机译：VPE：用于强化转移学习的变式策略嵌入

获取原文

获取原文并翻译 | 示例

页面导航

摘要
著录项
相似文献
相关主题

摘要

Reinforcement Learning methods are capable of solving complex problems, but resulting policies might perform poorly in environments that are even slightly different. In robotics especially, training and deployment conditions often vary and data collection is expensive, making retraining undesirable. Simulation training allows for feasible training times, but on the other hand suffer from a reality-gap when applied in real-world settings. This raises the need of efficient adaptation of policies acting in new environments.We consider the problem of transferring knowledge within a family of similar Markov decision processes. We assume that Q-functions are generated by some low-dimensional latent variable.
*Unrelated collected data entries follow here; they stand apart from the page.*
lemma coeff_prod_linear_nonneg_roots:
  fixes es :: "complex list"
  assumes "\<forall>a\<in>set es. 0 \<le> a"
  shows "\<exists>d :: nat \<Rightarrow> real.
    (\<forall>i. coeff (\<Prod>a\<leftarrow>es. [:-a, 1:]) i = (-1) ^ (length es - i) * of_real (d i)) \<and> (\<forall>i. 0 \<le> d i)
    \<and> (\<forall>i. 0 < d i \<longleftrightarrow> length (filter (\<lambda>a. a = 0) es) \<le> i \<and> i \<le> length es)"
  using assms
proof (induct es)
  case Nil
  show ?case by (rule exI[of _ "\<lambda>i. if i = 0 then 1 else 0"]) (auto simp: coeff_1)
next
  case (Cons a es)
  let ?L = "length es" and ?z = "length (filter (\<lambda>a. a = 0) es)"
  from Cons obtain d where
    coeff_d: "\<And>i. coeff (\<Prod>a\<leftarrow>es. [:-a, 1:]) i = (-1) ^ (?L - i) * of_real (d i)"
    and d_nonneg: "\<And>i. 0 \<le> d i" and d_pos: "\<And>i. 0 < d i \<longleftrightarrow> ?z \<le> i \<and> i \<le> ?L"
    by auto
  define r where "r = Re a"
  have ar: "a = of_real r" and r: "0 \<le> r"
    using Cons(2) unfolding r_def by (auto simp: less_eq_complex_def complex_eq_iff)
  have zL: "?z \<le> ?L" by (rule length_filter_le)
  have d_beyond: "d i = 0" if "?L < i" for i
    using d_pos[of i] d_nonneg[of i] that by auto
  define d' where "d' i = (case i of 0 \<Rightarrow> r * d 0 | Suc j \<Rightarrow> d j + r * d (Suc j))" for i
  have "coeff (\<Prod>a\<leftarrow>a # es. [:-a, 1:]) i = (-1) ^ (Suc ?L - i) * of_real (d' i)" for i
    using coeff_linear_factor_mult_alternating[OF coeff_d d_beyond, of r i] unfolding d'_def ar by simp
  moreover have "0 \<le> d' i" for i
    using d_nonneg r by (simp add: d'_def split: nat.split)
  moreover have "0 < d' i \<longleftrightarrow> length (filter (\<lambda>a. a = 0) (a # es)) \<le> i \<and> i \<le> length (a # es)"
    for i
  proof (cases i)
    case 0
    have "0 < r * d 0 \<longleftrightarrow> 0 < r \<and> 0 < d 0"
      using d_nonneg[of 0] r by (simp add: zero_less_mult_iff)
    then show ?thesis using d_pos[of 0] r unfolding 0 d'_def ar by auto
  next
    case (Suc j)
    have "0 \<le> r * d (Suc j)" using d_nonneg r by simp
    then have "0 < d j + r * d (Suc j) \<longleftrightarrow> 0 < d j \<or> 0 < r * d (Suc j)"
      using d_nonneg[of j] by linarith
    also have "0 < r * d (Suc j) \<longleftrightarrow> 0 < r \<and> 0 < d (Suc j)"
      using d_nonneg[of "Suc j"] r by (simp add: zero_less_mult_iff)
    finally have "0 < d j + r * d (Suc j) \<longleftrightarrow> 0 < d j \<or> (0 < r \<and> 0 < d (Suc j))" .
    then show ?thesis using d_pos[of j] d_pos[of "Suc j"] zL r unfolding Suc d'_def ar
      by (cases "r = 0") (auto simp del: length_filter_le)
  qed
  ultimately show ?case by (intro exI[of _ d']) simp
qed

lemma order_0_prod_linear:
  "order 0 (\<Prod>a\<leftarrow>es. [:-a, 1:]) = length (filter (\<lambda>a. a = 0) (es :: 'a :: idom list))"
proof (induct es)
  case Nil
  then show ?case by (simp add: order_0I)
next
  case (Cons a es)
  have "(\<Prod>a\<leftarrow>es. [:-a, 1:]) \<noteq> 0" by (auto simp: prod_list_zero_iff)
  then have "[:-a, 1:] * (\<Prod>a\<leftarrow>es. [:-a, 1:]) \<noteq> 0" by (simp only: mult_eq_0_iff) simp
  then have "order 0 ([:-a, 1:] * (\<Prod>a\<leftarrow>es. [:-a, 1:])) = order 0 [:-a, 1:] + order 0 (\<Prod>a\<leftarrow>es. [:-a, 1:])"
    by (rule order_mult)
  moreover have "order 0 [:-a, 1:] = (if a = 0 then 1 else 0)"
    using order_power_n_n[of 0 1] by (auto intro: order_0I)
  ultimately show ?case using Cons by simp
qed

lemma sum_list_eq_sum_list_min_1:
  "sum_list (map (min 1) (xs :: nat list)) = sum_list (map (min 2) xs) \<Longrightarrow> sum_list xs = sum_list (map (min 1) xs)"
proof (induct xs)
  case (Cons x xs)
  have "sum_list (map (min 1) xs) \<le> sum_list (map (min 2) xs)"
    by (induct xs) (auto intro: add_mono)
  with Cons(2) have "min 1 x = min (2 :: nat) x" "sum_list (map (min 1) xs) = sum_list (map (min 2) xs)"
    by auto
  then show ?case using Cons(1) by (cases x) auto
qed simp

(* ker C^2 = ker C forces every Jordan block for the eigenvalue 0 to have size 1. *)
lemma order_0_char_poly_eq_kernel_dim:
  fixes C :: "complex mat"
  assumes C: "C \<in> carrier_mat n n"
    and ker: "\<And>v. v \<in> carrier_vec n \<Longrightarrow> C *\<^sub>v (C *\<^sub>v v) = 0\<^sub>v n \<Longrightarrow> C *\<^sub>v v = 0\<^sub>v n"
  shows "order 0 (char_poly C) = kernel_dim C"
proof -
  obtain es where "char_poly C = (\<Prod>a\<leftarrow>es. [:- a, 1:])"
    using char_poly_factorized[OF C] by blast
  then obtain n_as where jnf: "jordan_nf C n_as" using jordan_nf_exists[OF C] by blast
  have char0: "char_matrix C 0 = C" unfolding char_matrix_def using C by (intro eq_matI) auto
  have "mat_kernel (C * C) = mat_kernel C"
    using C ker unfolding mat_kernel_def by (auto simp: assoc_mult_mat_vec[of C n n C n])
  then have "kernel_dim (C * C) = kernel_dim C"
    unfolding kernel_dim_def using C by simp
  then have dim2: "dim_gen_eigenspace C 0 2 = kernel_dim C"
    unfolding dim_gen_eigenspace_def char0 using C by (simp add: numeral_2_eq_2)
  have dim1: "dim_gen_eigenspace C 0 1 = kernel_dim C"
    unfolding dim_gen_eigenspace_def char0 using C by simp
  let ?sizes = "map fst [(n, e)\<leftarrow>n_as . e = 0]"
  have "sum_list ?sizes = kernel_dim C"
    using sum_list_eq_sum_list_min_1[of ?sizes] dim_gen_eigenspace[OF jnf, of 0 1] dim1
      dim_gen_eigenspace[OF jnf, of 0 2] dim2 by simp
  moreover have "[(n, e)\<leftarrow>n_as . e = 0] = filter (\<lambda>na. snd na = 0) n_as"
    by (induct n_as) auto
  ultimately show ?thesis using jordan_nf_order[OF jnf, of 0] by simp
qed

lemma coeff_char_poly_nonzero_iff:
  fixes C :: "complex mat"
  assumes C: "C \<in> carrier_mat n n"
    and nonneg: "\<And>a. eigenvalue C a \<Longrightarrow> 0 \<le> a"
    and ker: "\<And>v. v \<in> carrier_vec n \<Longrightarrow> C *\<^sub>v (C *\<^sub>v v) = 0\<^sub>v n \<Longrightarrow> C *\<^sub>v v = 0\<^sub>v n"
    and i: "i \<le> n"
  shows "coeff (char_poly C) i \<noteq> 0 \<longleftrightarrow> kernel_dim C \<le> i"
proof -
  obtain es where cp: "char_poly C = (\<Prod>a\<leftarrow>es. [:- a, 1:])" and les: "length es = n"
    using char_poly_factorized[OF C] by blast
  have "\<forall>a\<in>set es. 0 \<le> a"
  proof
    fix a assume "a \<in> set es"
    then have "poly (char_poly C) a = 0"
      unfolding cp poly_prod_list by (auto simp: prod_list_zero_iff)
    then show "0 \<le> a" using nonneg eigenvalue_root_char_poly[OF C] by simp
  qed
  from coeff_prod_linear_nonneg_roots[OF this, folded cp, unfolded les]
  obtain d where d:
    "\<forall>i. coeff (char_poly C) i = (-1) ^ (n - i) * of_real (d i)" "\<forall>i. 0 \<le> d i"
    "\<forall>i. 0 < d i \<longleftrightarrow> length (filter (\<lambda>a. a = 0) es) \<le> i \<and> i \<le> n"
    by blast
  have z: "length (filter (\<lambda>a. a = 0) es) = kernel_dim C"
    using order_0_char_poly_eq_kernel_dim[OF C ker] unfolding cp order_0_prod_linear .
  have "coeff (char_poly C) i \<noteq> 0 \<longleftrightarrow> d i \<noteq> 0" using d(1) by simp
  also have "\<dots> \<longleftrightarrow> 0 < d i" using spec[OF d(2), of i] by linarith
  also have "\<dots> \<longleftrightarrow> kernel_dim C \<le> i" using d(3) z i by simp
  finally show ?thesis .
qed

section \<open>Matrix units and column embeddings\<close>

definition matrix_unit :: "nat \<Rightarrow> nat \<Rightarrow> nat \<Rightarrow> 'a :: {zero, one} mat" where
  "matrix_unit n i j = mat n n (\<lambda>(k, l). if k = i \<and> l = j then 1 else 0)"

lemma commute_matrix_unit_entry:
  fixes Z :: "'a :: comm_ring_1 mat"
  assumes Z: "Z \<in> carrier_mat n n" and comm: "Z * matrix_unit n i j = matrix_unit n i j * Z"
    and k: "k < n" and i: "i < n" and j: "j < n"
  shows "Z $$ (k, i) = (if k = i then Z $$ (j, j) else 0)"
proof -
  have "(Z * matrix_unit n i j) $$ (k, j) = (\<Sum>l\<in>{0..<n}. Z $$ (k, l) * (if l = i then 1 else 0))"
    using Z k j unfolding matrix_unit_def by (simp add: scalar_prod_def)
  also have "\<dots> = Z $$ (k, i)" using i by (simp add: if_distrib cong: if_cong)
  finally have left: "(Z * matrix_unit n i j) $$ (k, j) = Z $$ (k, i)" .
  have "(matrix_unit n i j * Z) $$ (k, j) = (\<Sum>l\<in>{0..<n}. (if k = i \<and> l = j then 1 else 0) * Z $$ (l, j))"
    using Z k j unfolding matrix_unit_def by (simp add: scalar_prod_def)
  also have "\<dots> = (\<Sum>l\<in>{0..<n}. if l = j then (if k = i then Z $$ (j, j) else 0) else 0)"
    by (intro sum.cong) auto
  also have "\<dots> = (if k = i then Z $$ (j, j) else 0)" using j by simp
  finally show ?thesis using comm left by simp
qed

lemma block_commutant_entry:
  fixes Z :: "'a :: comm_ring_1 mat"
  assumes Z: "Z \<in> carrier_mat (2 * h) (2 * h)"
    and comm: "\<And>i j. i < 2 * h \<Longrightarrow> j < 2 * h \<Longrightarrow> (i < h \<longleftrightarrow> j < h) \<Longrightarrow>
      Z * matrix_unit (2 * h) i j = matrix_unit (2 * h) i j * Z"
    and k: "k < 2 * h" and i: "i < 2 * h"
  shows "Z $$ (k, i) = (if k = i then if i < h then Z $$ (0, 0) else Z $$ (h, h) else 0)"
proof -
  have entry: "Z $$ (k, i) = (if k = i then Z $$ (j, j) else 0)"
    if "j < 2 * h" "i < h \<longleftrightarrow> j < h" for j
    using commute_matrix_unit_entry[OF Z comm[OF i that(1,2)] k i that(1)] .
  show ?thesis
    using entry[of 0] entry[of h] i by (cases "i < h") auto
qed

(* Z acts by scalars a and b on the two blocks; a^2 = b^2 and a ~= b force b = -a. *)
lemma mat_trace_block_commutant:
  fixes Z :: "'a :: idom mat"
  assumes Z: "Z \<in> carrier_mat (2 * h) (2 * h)"
    and comm: "\<And>i j. i < 2 * h \<Longrightarrow> j < 2 * h \<Longrightarrow> (i < h \<longleftrightarrow> j < h) \<Longrightarrow>
      Z * matrix_unit (2 * h) i j = matrix_unit (2 * h) i j * Z"
    and square: "Z * Z = s \<cdot>\<^sub>m 1\<^sub>m (2 * h)"
    and nonscalar: "\<And>a. Z \<noteq> a \<cdot>\<^sub>m 1\<^sub>m (2 * h)"
  shows "mat_trace Z = 0"
proof (cases "h = 0")
  case False
  define a where "a = Z $$ (0, 0)"
  define b where "b = Z $$ (h, h)"
  have entry: "Z $$ (k, i) = (if k = i then if i < h then a else b else 0)"
    if "k < 2 * h" "i < 2 * h" for k i
    unfolding a_def b_def by (rule block_commutant_entry[OF Z comm that])
  have diag_sq: "(if i < h then a * a else b * b) = s" if i: "i < 2 * h" for i
  proof -
    have "(Z * Z) $$ (i, i) = (\<Sum>l\<in>{0..<2 * h}. Z $$ (i, l) * Z $$ (l, i))"
      using Z i by (simp add: scalar_prod_def)
    also have "\<dots> = (\<Sum>l\<in>{0..<2 * h}. if l = i then (if i < h then a * a else b * b) else 0)"
      using i by (intro sum.cong) (auto simp: entry)
    finally show ?thesis unfolding square using i by simp
  qed
  have "a \<noteq> b"
  proof
    assume "a = b"
    then have "Z = a \<cdot>\<^sub>m 1\<^sub>m (2 * h)" using Z entry by (intro eq_matI) auto
    then show False using nonscalar by blast
  qed
  moreover have "(a - b) * (a + b) = 0"
    using diag_sq[of 0] diag_sq[of h] False by (simp add: algebra_simps)
  ultimately have "a + b = 0" by simp
  have "{..<2 * h} = {..<h} \<union> {h..<2 * h}" by auto
  then have "mat_trace Z = (\<Sum>i<h. a) + (\<Sum>i\<in>{h..<2 * h}. b)"
    using Z unfolding mat_trace_def by (simp add: entry sum.union_disjoint disjoint_iff)
  also have "\<dots> = of_nat h * (a + b)" by (simp add: algebra_simps)
  finally show ?thesis using \<open>a + b = 0\<close> by simp
qed (use Z in \<open>simp add: mat_trace_def\<close>)

definition col_embed :: "nat \<Rightarrow> nat \<Rightarrow> nat set \<Rightarrow> 'a :: zero vec \<Rightarrow> 'a mat" where
  "col_embed n j S v = mat n n (\<lambda>(i, k). if k = j \<and> i \<in> S then v $ i else 0)"

lemma col_embed_carrier [simp]: "col_embed n j S v \<in> carrier_mat n n"
  unfolding col_embed_def by simp

lemma mult_col_embed:
  fixes X :: "'a :: comm_ring_1 mat"
  assumes X: "X \<in> carrier_mat n n" and v: "v \<in> carrier_vec n"
    and block: "\<And>i l. i < n \<Longrightarrow> l < n \<Longrightarrow> (i \<in> S) \<noteq> (l \<in> S) \<Longrightarrow> X $$ (i, l) = 0"
  shows "X * col_embed n j S v = col_embed n j S (X *\<^sub>v v)"
proof (rule eq_matI)
  fix i k assume "i < dim_row (col_embed n j S (X *\<^sub>v v))" "k < dim_col (col_embed n j S (X *\<^sub>v v))"
  then have i: "i < n" and k: "k < n" by (auto simp: col_embed_def)
  have "(X * col_embed n j S v) $$ (i, k)
      = (\<Sum>l\<in>{0..<n}. X $$ (i, l) * (if k = j \<and> l \<in> S then v $ l else 0))"
    using X i k by (simp add: col_embed_def scalar_prod_def)
  also have "\<dots> = (if k = j \<and> i \<in> S then (\<Sum>l\<in>{0..<n}. X $$ (i, l) * v $ l) else 0)"
    using block[OF i] by (auto intro!: sum.cong sum.neutral)
  also have "\<dots> = col_embed n j S (X *\<^sub>v v) $$ (i, k)"
    using X v i k by (simp add: col_embed_def scalar_prod_def)
  finally show "(X * col_embed n j S v) $$ (i, k) = col_embed n j S (X *\<^sub>v v) $$ (i, k)" .
qed (use X in \<open>auto simp: col_embed_def\<close>)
Given such a Q-function, we can find a master policy that can adapt given different values of this latent variable. Our method learns both the generative mapping and an approximate posterior of the latent variables, enabling identification of policies for new tasks by searching only in the latent space, rather than the space of all policies. The low-dimensional space, and master policy found by our method enables policies to quickly adapt to new environments. We demonstrate the method on both a pendulum swing-up task in simulation, and for simulation-to-real transfer on a pushing task.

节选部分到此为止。